▸ **TASK BRIEF**: Using the listing below, set down each line from the line containing "define y where" through the line containing "mu s = (s/2)", both ends included, exactly and with nothing added.

▸ **TASK MATERIAL**:
-- -- --

(* Let $(G,Q)$ be either $(\mathrm{GL}_n(q),q)$ or $(\mathrm{GU}_n(q),q^2)$, with natural module $V=\mathbb{F}_Q^n$. For $1\le j\le n$, let $N_j$ be the number of $G$-orbits on the set of ordered $j$-tuples $(v_1,\dots,v_j)$ with $v_i\in V$. Then $N_j\le 8q^{j^2/4}$ in the first case and $N_j\le 2q^{j^2}$ in the second case. *)

theory Defs
  imports "HOL-Analysis.Analysis"
begin

definition GL_grp :: "('a::field ^'n^'n) set" where
  "GL_grp = {A. invertible A}"

text \<open>Conjugate transpose over F_{q^2}, where conjugation is the field automorphism x \<mapsto> x^q.\<close>
definition conj_transpose :: "nat \<Rightarrow> 'a::field ^'n^'n \<Rightarrow> 'a ^'n^'n" where
  "conj_transpose q A = (\<chi> i j. (A $ j $ i) ^ q)"

text \<open>The general unitary group GU_n(q) inside GL_n(q^2), preserving the standard
  nondegenerate Hermitian form (x,y) \<mapsto> sum x_i y_i^q.\<close>
definition GU_grp :: "nat \<Rightarrow> ('a::field ^'n^'n) set" where
  "GU_grp q = {A. conj_transpose q A ** A = mat 1}"

definition tuple_orbits :: "('a::field ^'n^'n) set \<Rightarrow> nat \<Rightarrow> ('a^'n) list set set" where
  "tuple_orbits G j =
     (\<lambda>vs. {map (\<lambda>v. A *v v) vs | A. A \<in> G}) ` {vs :: ('a^'n) list. length vs = j}"

end

theory Submission
  imports Defs "HOL-Computational_Algebra.Primes" "HOL-Computational_Algebra.Polynomial"
begin

text \<open>Encode a tuple \<open>(v\<^sub>1, \<dots>, v\<^sub>j)\<close> from the back: if \<open>v\<^sub>i\<close> depends on the pivots (a basis
  extracted from \<open>v\<^sub>i\<^sub>+\<^sub>1, \<dots>, v\<^sub>j\<close>), record its coordinates; otherwise record nothing for
  \<open>GL\<close>, and its Hermitian products with the pivots and its norm for \<open>GU\<close>.  Tuples with the same
  code lie in one orbit: the map is extended one vector at a time by a transvection fixing the
  span of the later vectors, in the unitary case by at most two unitary ones (Witt's lemma).
  The number of codes with \<open>k\<close> dependent entries satisfies a \<open>q\<close>-binomial recursion and is at most
  \<open>q^(k(j - k))\<close> resp. \<open>q^(j\<^sup>2 - k\<^sup>2)\<close> divided by \<open>\<Prod>i = 1..k. 1 - x^i\<close> with \<open>x = 1/q\<close> resp.
  \<open>x = 1/q\<^sup>2\<close>, a product that stays above \<open>2/7\<close> resp. \<open>2/3\<close>.\<close>

section \<open>Finite fields\<close>

lemma power_card_eq_self:
  fixes x :: "'a::{field,finite}"
  shows "x ^ CARD('a) = x"
proof (cases "x = 0")
  case True
  then show ?thesis by simp
next
  case False
  define U where "U = UNIV - {0::'a}"
  have "(\<Prod>y\<in>U. x * y) = \<Prod>U"
    by (rule prod.reindex_bij_witness[of _ "\<lambda>y. y / x" "\<lambda>y. x * y"]) (use False in \<open>auto simp: U_def\<close>)
  moreover have "(\<Prod>y\<in>U. x * y) = x ^ card U * \<Prod>U"
    by (simp add: prod.distrib)
  moreover have "\<Prod>U \<noteq> 0"
    by (simp add: U_def)
  ultimately have "x ^ card U = 1"
    by simp
  moreover have "CARD('a) = Suc (card U)"
    by (simp add: U_def card_Diff_singleton card_gt_0_iff)
  ultimately show ?thesis
    by simp
qed

lemma card_field_ge_2: "CARD('a::{field,finite}) \<ge> 2"
proof -
  have "card {0::'a, 1} \<le> CARD('a)"
    by (rule card_mono) auto
  then show ?thesis
    by simp
qed

lemma prime_CHAR_finite_field: "prime CHAR('a::{field,finite})"
  by (rule prime_CHAR_semidom) (simp add: finite_imp_CHAR_pos)

lemma CHAR_gt_1_finite_field [simp]: "1 < CHAR('a::{field,finite})"
  using prime_CHAR_finite_field prime_gt_1_nat by blast

lemma CHAR_pos_finite_field [simp]: "0 < CHAR('a::{field,finite})"
  using CHAR_gt_1_finite_field[where 'a='a] by linarith

lemma of_nat_mod_CHAR: "of_nat (n mod CHAR('a)) = (of_nat n :: 'a::comm_ring_1)"
proof -
  have "(of_nat n :: 'a) = of_nat (n mod CHAR('a) + CHAR('a) * (n div CHAR('a)))"
    by simp
  then show ?thesis
    by (simp only: of_nat_add of_nat_mult of_nat_CHAR) simp
qed

text \<open>The span of a list over the prime field, built one generator at a time; each generator
  multiplies its size by the characteristic or leaves it unchanged, so the field has prime power
  order.\<close>
fun prime_span :: "'a::field list \<Rightarrow> 'a set" where
  "prime_span [] = {0}"
| "prime_span (y # ys) = (\<lambda>(s, c). s + of_nat c * y) ` (prime_span ys \<times> {..<CHAR('a)})"

declare prime_span.simps(2) [simp del]

lemma in_prime_span_Cons:
  "s \<in> prime_span ys \<Longrightarrow> c < CHAR('a) \<Longrightarrow> s + of_nat c * y \<in> prime_span (y # ys :: 'a::field list)"
  by (force simp: prime_span.simps(2))

lemma prime_span_ConsE:
  assumes "x \<in> prime_span (y # ys)"
  obtains s c where "s \<in> prime_span ys" "c < CHAR('a)" "x = s + of_nat c * (y :: 'a::field)"
  using assms by (auto simp: prime_span.simps(2))

lemma zero_in_prime_span: "0 \<in> prime_span (ys :: 'a::{field,finite} list)"
proof (induction ys)
  case (Cons y ys)
  show ?case
    using in_prime_span_Cons[OF Cons.IH, of 0 y] by simp
qed simp

lemma prime_span_mono_Cons: "prime_span ys \<subseteq> prime_span (y # ys :: 'a::{field,finite} list)"
  using in_prime_span_Cons[of _ ys 0 y] by auto

lemma prime_span_add:
  fixes ys :: "'a::{field,finite} list"
  shows "s \<in> prime_span ys \<Longrightarrow> t \<in> prime_span ys \<Longrightarrow> s + t \<in> prime_span ys"
proof (induction ys arbitrary: s t)
  case (Cons y ys)
  obtain s' c t' d where st: "s = s' + of_nat c * y" "t = t' + of_nat d * y"
    and in_span: "s' \<in> prime_span ys" "t' \<in> prime_span ys"
    using Cons.prems by (elim prime_span_ConsE) blast
  have "s + t = (s' + t') + of_nat ((c + d) mod CHAR('a)) * y"
    by (simp add: st of_nat_mod_CHAR algebra_simps)
  then show ?case
    using in_prime_span_Cons[OF Cons.IH[OF in_span]] by simp
qed simp

lemma prime_span_of_nat_mult:
  fixes ys :: "'a::{field,finite} list"
  shows "s \<in> prime_span ys \<Longrightarrow> of_nat m * s \<in> prime_span ys"
proof (induction ys arbitrary: s)
  case (Cons y ys)
  obtain s' c where s: "s = s' + of_nat c * y" and in_span: "s' \<in> prime_span ys"
    using Cons.prems by (elim prime_span_ConsE) blast
  have "of_nat m * s = of_nat m * s' + of_nat ((m * c) mod CHAR('a)) * y"
    by (simp add: s of_nat_mod_CHAR algebra_simps)
  then show ?case
    using in_prime_span_Cons[OF Cons.IH[OF in_span]] by simp
qed simp

lemma set_subset_prime_span: "set ys \<subseteq> prime_span (ys :: 'a::{field,finite} list)"
proof (induction ys)
  case (Cons y ys)
  have "0 + of_nat 1 * y \<in> prime_span (y # ys)"
    using CHAR_gt_1_finite_field[where 'a='a] by (intro in_prime_span_Cons zero_in_prime_span) simp
  then have "y \<in> prime_span (y # ys)"
    by simp
  then show ?case
    using Cons prime_span_mono_Cons[of ys y] by auto
qed simp

text \<open>Every \<open>of_nat m\<close> with \<open>0 < m < p\<close> is invertible in the prime field, so \<open>y\<close> would
  lie in the span as soon as such a multiple of it does.\<close>
lemma inj_on_prime_span_Cons:
  fixes y :: "'a::{field,finite}"
  assumes "y \<notin> prime_span ys"
  shows "inj_on (\<lambda>(s, c). s + of_nat c * y) (prime_span ys \<times> {..<CHAR('a)})"
proof -
  have no_collision: False if s: "s \<in> prime_span ys" "s' \<in> prime_span ys" and c: "c' < c" "c < CHAR('a)"
    and eq: "s + of_nat c * y = s' + of_nat c' * y" for s s' c c'
  proof -
    define m where "m = c - c'"
    have "of_nat (CHAR('a) - 1) = (- 1 :: 'a)"
      using CHAR_pos_finite_field[where 'a='a] by (simp only: of_nat_diff) simp
    then have "of_nat m * y = s' + of_nat (CHAR('a) - 1) * s"
      using eq c by (simp add: m_def of_nat_diff algebra_simps)
    then have my: "of_nat m * y \<in> prime_span ys"
      using s by (simp add: prime_span_add prime_span_of_nat_mult)
    have "\<not> CHAR('a) dvd m"
      using c by (simp add: m_def nat_dvd_not_less)
    then have "coprime m CHAR('a)"
      using prime_imp_coprime[OF prime_CHAR_finite_field] coprime_commute by blast
    then obtain u v where uv: "m * u = CHAR('a) * v + 1"
      using bezout_nat[of m "CHAR('a)"] c by (auto simp: m_def)
    have "(of_nat u * of_nat m :: 'a) = of_nat (CHAR('a) * v + 1)"
      by (simp only: uv mult.commute[of u] flip: of_nat_mult)
    then have "of_nat u * (of_nat m * y) = y"
      by (simp add: mult.assoc[symmetric])
    then show False
      using assms prime_span_of_nat_mult[OF my, of u] by argo
  qed
  then show ?thesis
  proof (intro inj_onI, clarify)
    fix s c s' c'
    assume s: "s \<in> prime_span ys" "s' \<in> prime_span ys" and c: "c < CHAR('a)" "c' < CHAR('a)"
      and eq: "s + of_nat c * y = s' + of_nat c' * y"
    have "c = c'"
      using no_collision[OF s _ c(1) eq] no_collision[OF s(2,1) _ c(2) eq[symmetric]]
      by (cases c c' rule: linorder_cases) (simp_all add: eq)
    then show "s = s' \<and> c = c'"
      using eq by simp
  qed
qed

lemma card_prime_span: "\<exists>k. card (prime_span (ys :: 'a::{field,finite} list)) = CHAR('a) ^ k"
proof (induction ys)
  case Nil
  have "card (prime_span ([] :: 'a list)) = CHAR('a) ^ 0"
    by simp
  then show ?case
    by blast
next
  case (Cons y ys)
  then obtain k where k: "card (prime_span ys) = CHAR('a) ^ k"
    by blast
  show ?case
  proof (cases "y \<in> prime_span ys")
    case True
    have "prime_span (y # ys) \<subseteq> prime_span ys"
    proof
      fix x
      assume "x \<in> prime_span (y # ys)"
      then obtain s c where "s \<in> prime_span ys" "x = s + of_nat c * y"
        by (elim prime_span_ConsE)
      then show "x \<in> prime_span ys"
        using True by (simp add: prime_span_add prime_span_of_nat_mult)
    qed
    then have "prime_span (y # ys) = prime_span ys"
      using prime_span_mono_Cons[of ys y] by blast
    then show ?thesis
      using k by metis
  next
    case False
    have "card (prime_span (y # ys)) = card (prime_span ys) * CHAR('a)"
      by (simp add: prime_span.simps(2) card_image[OF inj_on_prime_span_Cons[OF False]] card_cartesian_product)
    then have "card (prime_span (y # ys)) = CHAR('a) ^ Suc k"
      using k by simp
    then show ?thesis
      by blast
  qed
qed

lemma card_eq_CHAR_power: "\<exists>k. CARD('a::{field,finite}) = CHAR('a) ^ k"
proof -
  obtain ys :: "'a list" where "set ys = UNIV"
    using finite_list[of "UNIV :: 'a set"] by auto
  then have "prime_span ys = UNIV"
    using set_subset_prime_span[of ys] by blast
  moreover obtain k where "card (prime_span ys) = CHAR('a) ^ k"
    using card_prime_span by blast
  ultimately show ?thesis
    by auto
qed

lemma card_roots_power_add_linear_le:
  fixes c :: "'a::idom"
  assumes "2 \<le> n"
  shows "card {x. x ^ n + c * x = 0} \<le> n"
proof -
  define P :: "'a poly" where "P = monom 1 n + [:0, c:]"
  have "degree [:0, c:] < degree (monom (1::'a) n)"
    using assms by (simp add: degree_monom_eq)
  then have deg: "degree P = n"
    by (simp add: P_def degree_add_eq_left degree_monom_eq)
  then have "P \<noteq> 0"
    using assms by auto
  moreover have "{x. poly P x = 0} = {x. x ^ n + c * x = 0}"
    by (simp add: P_def poly_monom mult.commute)
  ultimately show ?thesis
    using card_poly_roots_bound[of P] deg by simp
qed

lemma card_le_card_range_mult_card_kernel:
  fixes f :: "'a::{ab_group_add,finite} \<Rightarrow> 'b::ab_group_add"
  assumes add: "\<And>x y. f (x + y) = f x + f y"
  shows "CARD('a) \<le> card (range f) * card {x. f x = 0}"
proof -
  have fiber: "card {x. f x = f x0} \<le> card {x. f x = 0}" for x0
  proof -
    have "f (x - x0) = f x - f x0" for x
      using add[of "x - x0" x0] by (simp add: algebra_simps)
    then have "{x. f x = f x0} \<subseteq> (\<lambda>k. x0 + k) ` {x. f x = 0}"
      by (auto intro!: image_eqI[of _ _ "_ - x0"])
    then have "card {x. f x = f x0} \<le> card ((\<lambda>k. x0 + k) ` {x. f x = 0})"
      by (rule card_mono[rotated]) simp
    also have "\<dots> \<le> card {x. f x = 0}"
      by (rule card_image_le) simp
    finally show ?thesis .
  qed
  have "UNIV = (\<Union>c\<in>range f. {x. f x = c})"
    by auto
  then have "CARD('a) = card (\<Union>c\<in>range f. {x. f x = c})"
    by simp
  also have "\<dots> \<le> (\<Sum>c\<in>range f. card {x. f x = c})"
    by (rule card_UN_le) simp
  also have "\<dots> \<le> (\<Sum>c\<in>range f. card {x. f x = 0})"
    by (rule sum_mono) (use fiber in auto)
  finally show ?thesis
    by simp
qed

section \<open>Linear algebra over a field\<close>

definition dot :: "'a::field^'n \<Rightarrow> 'a^'n \<Rightarrow> 'a" where
  "dot c x = (\<Sum>k\<in>UNIV. c $ k * x $ k)"

lemma dot_add_right: "dot c (x + y) = dot c x + dot c y"
  by (simp add: dot_def algebra_simps sum.distrib)

lemma dot_scale_right: "dot c (a *s x) = a * dot c x"
  by (simp add: dot_def algebra_simps sum_distrib_left)

lemma dot_diff_right: "dot c (x - y) = dot c x - dot c y"
  by (simp add: dot_def algebra_simps sum_subtractf)

lemma dot_add_left: "dot (c + c') x = dot c x + dot c' x"
  by (simp add: dot_def algebra_simps sum.distrib)
lemma x_funpow_eq_N_eval: "(x ^^ k) v = N_eval (trunc_log n ^ k) v"
proof (induction k arbitrary: v)
  case 0
  then show ?case
    by (simp add: N_eval_one)
next
  case (Suc k)
  then show ?case
    by (simp only: funpow.simps comp_apply power_Suc N_eval_mult x_eq_N_eval)
qed

lemma x_funpow_eq_0: "n \<le> k \<Longrightarrow> (x ^^ k) v = 0"
  by (simp add: x_funpow_eq_N_eval N_eval_def coeff_power_eq_0)

lemma rho_u_eq_exp_x: "\<rho> mat_u v = (\<Sum>k<n. scale (1 / fact k) ((x ^^ k) v))"
proof -
  have "(\<Sum>k<n. scale (1 / fact k) ((x ^^ k) v)) = N_eval (trunc_exp n (trunc_log n)) v"
    by (simp add: trunc_exp_def N_eval_sum N_eval_smult x_funpow_eq_N_eval)
  also have "\<dots> = N_eval [:1, 1:] v"
    by (intro N_eval_cong coeff_trunc_exp_trunc_log)
  also have "\<dots> = \<rho> mat_u v"
    by (simp only: N_eval_pCons) (simp add: N_eval_def Nop_def linear_0[OF linear_rho[OF mat_u_SL2Z]])
  finally show ?thesis
    by simp
qed

end

section \<open>The decomposition \<open>V \<cong> K\<^sup>m\<^sup>+\<^sup>1\<close>\<close>

locale lemma2_setting = unipotent_rep scale \<rho> n
  for scale :: "rat \<Rightarrow> 'v::ab_group_add \<Rightarrow> 'v" and \<rho> :: "mat2 \<Rightarrow> 'v \<Rightarrow> 'v" and n :: nat +
  assumes n_ge_2: "2 \<le> n"
    and rel: "\<forall>k\<in>{1..n}. \<forall>v.
        scale (1 / fact (n - k)) (\<rho> mat_w ((xop scale \<rho> n ^^ (n - k)) (\<rho> mat_w ((xop scale \<rho> n ^^ (n - 1)) v))))
      = scale ((-1) ^ (n - k) / fact (k - 1)) ((xop scale \<rho> n ^^ (k - 1)) (\<rho> mat_w ((xop scale \<rho> n ^^ (n - 1)) v)))"
    and alt: "(\<forall>v. xop scale \<rho> n v = 0 \<and> (xop scale \<rho> n ^^ (n - 1)) (\<rho> mat_w v) = 0 \<longrightarrow> v = 0)
           \<or> (\<forall>v. \<exists>a b. v = xop scale \<rho> n a + \<rho> mat_w ((xop scale \<rho> n ^^ (n - 1)) b))"
begin
lemma has_real_derivative_bessel_series_half_square:
  assumes "mu > -1"
  shows "((\<lambda>s. bessel_series mu ((s/2)^2)) has_real_derivative
           deriv (bessel_series mu) ((s/2)^2) * (s/2)) (at s)"
    and "((\<lambda>s. deriv (bessel_series mu) ((s/2)^2)) has_real_derivative
           deriv (deriv (bessel_series mu)) ((s/2)^2) * (s/2)) (at s)"
proof -
  have sq: "((\<lambda>s. (s/2)^2) has_real_derivative s/2) (at s)"
    by (auto intro!: derivative_eq_intros simp: field_simps)
  show "((\<lambda>s. bessel_series mu ((s/2)^2)) has_real_derivative
           deriv (bessel_series mu) ((s/2)^2) * (s/2)) (at s)"
    by (rule DERIV_chain2[OF bessel_series_derivs(3)[OF assms] sq])
  show "((\<lambda>s. deriv (bessel_series mu) ((s/2)^2)) has_real_derivative
           deriv (deriv (bessel_series mu)) ((s/2)^2) * (s/2)) (at s)"
    by (rule DERIV_chain2[OF bessel_series_derivs(4)[OF assms] sq])
qed

lemma has_real_derivative_transform_pos:
  fixes f g :: "real \<Rightarrow> real"
  assumes "(f has_real_derivative D) (at s)" "s > 0" "\<And>x. x > 0 \<Longrightarrow> f x = g x"
  shows "(g has_real_derivative D) (at s)"
  by (rule has_field_derivative_transform_within_open[OF assms(1), of "{0<..}"]) (use assms in auto)

lemma bessel_J_has_derivative_series:
  assumes "mu > -1" "s > 0"
  shows "(bessel_J mu has_real_derivative (s/2) powr mu *
           (mu * bessel_series mu ((s/2)^2) + 2 * (s/2)^2 * deriv (bessel_series mu) ((s/2)^2)) / s)
         (at s)"
proof (rule has_real_derivative_transform_pos[OF _ assms(2)])
  have "((\<lambda>s. (s/2) powr mu * bessel_series mu ((s/2)^2)) has_real_derivative
      mu / s * (s/2) powr mu * bessel_series mu ((s/2)^2)
      + (s/2) powr mu * (deriv (bessel_series mu) ((s/2)^2) * (s/2))) (at s)"
    by (rule DERIV_cong[OF DERIV_mult[OF has_real_derivative_half_powr[OF assms(2), of mu]
          has_real_derivative_bessel_series_half_square(1)[OF assms(1)]]]) simp
  also have "mu / s * (s/2) powr mu * bessel_series mu ((s/2)^2)
      + (s/2) powr mu * (deriv (bessel_series mu) ((s/2)^2) * (s/2))
      = (s/2) powr mu *
           (mu * bessel_series mu ((s/2)^2) + 2 * (s/2)^2 * deriv (bessel_series mu) ((s/2)^2)) / s"
    using assms(2) by (simp add: field_simps power2_eq_square)
  finally show "((\<lambda>s. (s/2) powr mu * bessel_series mu ((s/2)^2)) has_real_derivative
      (s/2) powr mu *
           (mu * bessel_series mu ((s/2)^2) + 2 * (s/2)^2 * deriv (bessel_series mu) ((s/2)^2)) / s)
      (at s)" .
qed (simp add: bessel_J_eq_series[OF assms(1)])

lemma has_real_derivative_bessel_J:
  assumes "mu > -1" "s > 0"
  shows "(bessel_J mu has_real_derivative deriv (bessel_J mu) s) (at s)"
proof -
  note d = bessel_J_has_derivative_series[OF assms]
  show ?thesis using d unfolding DERIV_imp_deriv[OF d] .
qed

lemma deriv_bessel_J_series:
  assumes "mu > -1" "s > 0"
  shows "s * deriv (bessel_J mu) s = (s/2) powr mu *
           (mu * bessel_series mu ((s/2)^2) + 2 * (s/2)^2 * deriv (bessel_series mu) ((s/2)^2))"
  using DERIV_imp_deriv[OF bessel_J_has_derivative_series[OF assms]] assms(2) by simp

lemma bessel_equation:
  assumes "mu > -1" "s > 0"
  shows "((\<lambda>s. s * deriv (bessel_J mu) s) has_real_derivative (mu^2 / s - s) * bessel_J mu s) (at s)"
proof -
  define G where "G = bessel_series mu"
  define y where "y = (s/2)^2"
  note dG = has_real_derivative_bessel_series_half_square[OF assms(1), folded G_def]
  have sq: "((\<lambda>s. 2 * (s/2)^2) has_real_derivative s) (at s)"
    by (auto intro!: derivative_eq_intros simp: field_simps)
  have dQ: "((\<lambda>s. mu * G ((s/2)^2) + 2 * (s/2)^2 * deriv G ((s/2)^2)) has_real_derivative
      mu * (deriv G y * (s/2)) + (s * deriv G y + 2 * y * (deriv (deriv G) y * (s/2)))) (at s)"
    unfolding y_def by (intro DERIV_add DERIV_cmult dG(1) DERIV_cong[OF DERIV_mult[OF sq dG(2)]]) simp_all
  have dP: "((\<lambda>s. (s/2) powr mu * (mu * G ((s/2)^2) + 2 * (s/2)^2 * deriv G ((s/2)^2)))
      has_real_derivative mu / s * (s/2) powr mu * (mu * G y + 2 * y * deriv G y)
        + (s/2) powr mu * (mu * (deriv G y * (s/2))
             + (s * deriv G y + 2 * y * (deriv (deriv G) y * (s/2))))) (at s)"
    by (rule DERIV_cong[OF DERIV_mult[OF has_real_derivative_half_powr[OF assms(2), of mu] dQ]])
       (simp add: y_def)
  have J: "bessel_J mu s = (s/2) powr mu * G y"
    unfolding G_def y_def by (rule bessel_J_eq_series[OF assms])
  have ode: "y * deriv (deriv G) y = - (mu + 1) * deriv G y - G y"
    using bessel_series_ode[OF assms(1), of y] unfolding G_def by linarith
  have "2 * y * (deriv (deriv G) y * (s/2)) = s * (y * deriv (deriv G) y)" by simp
  also have "\<dots> = s * (- (mu + 1) * deriv G y - G y)" unfolding ode ..
  finally have second_order:
    "2 * y * (deriv (deriv G) y * (s/2)) = s * (- (mu + 1) * deriv G y - G y)" .
  have "mu / s * p * (mu * a + 2 * y * b) + p * (mu * (b * (s/2)) + (s * b + s * (- (mu + 1) * b - a)))
      = (mu^2 / s - s) * (p * a)" for p a b
    using assms(2) by (simp add: y_def field_simps power2_eq_square)
  then have "mu / s * (s/2) powr mu * (mu * G y + 2 * y * deriv G y)
        + (s/2) powr mu * (mu * (deriv G y * (s/2))
             + (s * deriv G y + 2 * y * (deriv (deriv G) y * (s/2))))
      = (mu^2 / s - s) * bessel_J mu s"
    unfolding second_order J .
  then have P: "((\<lambda>s. (s/2) powr mu * (mu * G ((s/2)^2) + 2 * (s/2)^2 * deriv G ((s/2)^2)))
      has_real_derivative (mu^2 / s - s) * bessel_J mu s) (at s)"
    using dP by simp
  show ?thesis
    by (rule has_real_derivative_transform_pos[OF P assms(2)])
       (simp add: deriv_bessel_J_series[OF assms(1)] G_def)
qed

-- -- --

▸ **THE COMPLETED TASK**:
  define y where "y = (s/2)^2"
  note dG = has_real_derivative_bessel_series_half_square[OF assms(1), folded G_def]
  have sq: "((\<lambda>s. 2 * (s/2)^2) has_real_derivative s) (at s)"
    by (auto intro!: derivative_eq_intros simp: field_simps)
  have dQ: "((\<lambda>s. mu * G ((s/2)^2) + 2 * (s/2)^2 * deriv G ((s/2)^2)) has_real_derivative
      mu * (deriv G y * (s/2)) + (s * deriv G y + 2 * y * (deriv (deriv G) y * (s/2)))) (at s)"
    unfolding y_def by (intro DERIV_add DERIV_cmult dG(1) DERIV_cong[OF DERIV_mult[OF sq dG(2)]]) simp_all
  have dP: "((\<lambda>s. (s/2) powr mu * (mu * G ((s/2)^2) + 2 * (s/2)^2 * deriv G ((s/2)^2)))
      has_real_derivative mu / s * (s/2) powr mu * (mu * G y + 2 * y * deriv G y)
        + (s/2) powr mu * (mu * (deriv G y * (s/2))
             + (s * deriv G y + 2 * y * (deriv (deriv G) y * (s/2))))) (at s)"
    by (rule DERIV_cong[OF DERIV_mult[OF has_real_derivative_half_powr[OF assms(2), of mu] dQ]])
       (simp add: y_def)
  have J: "bessel_J mu s = (s/2) powr mu * G y"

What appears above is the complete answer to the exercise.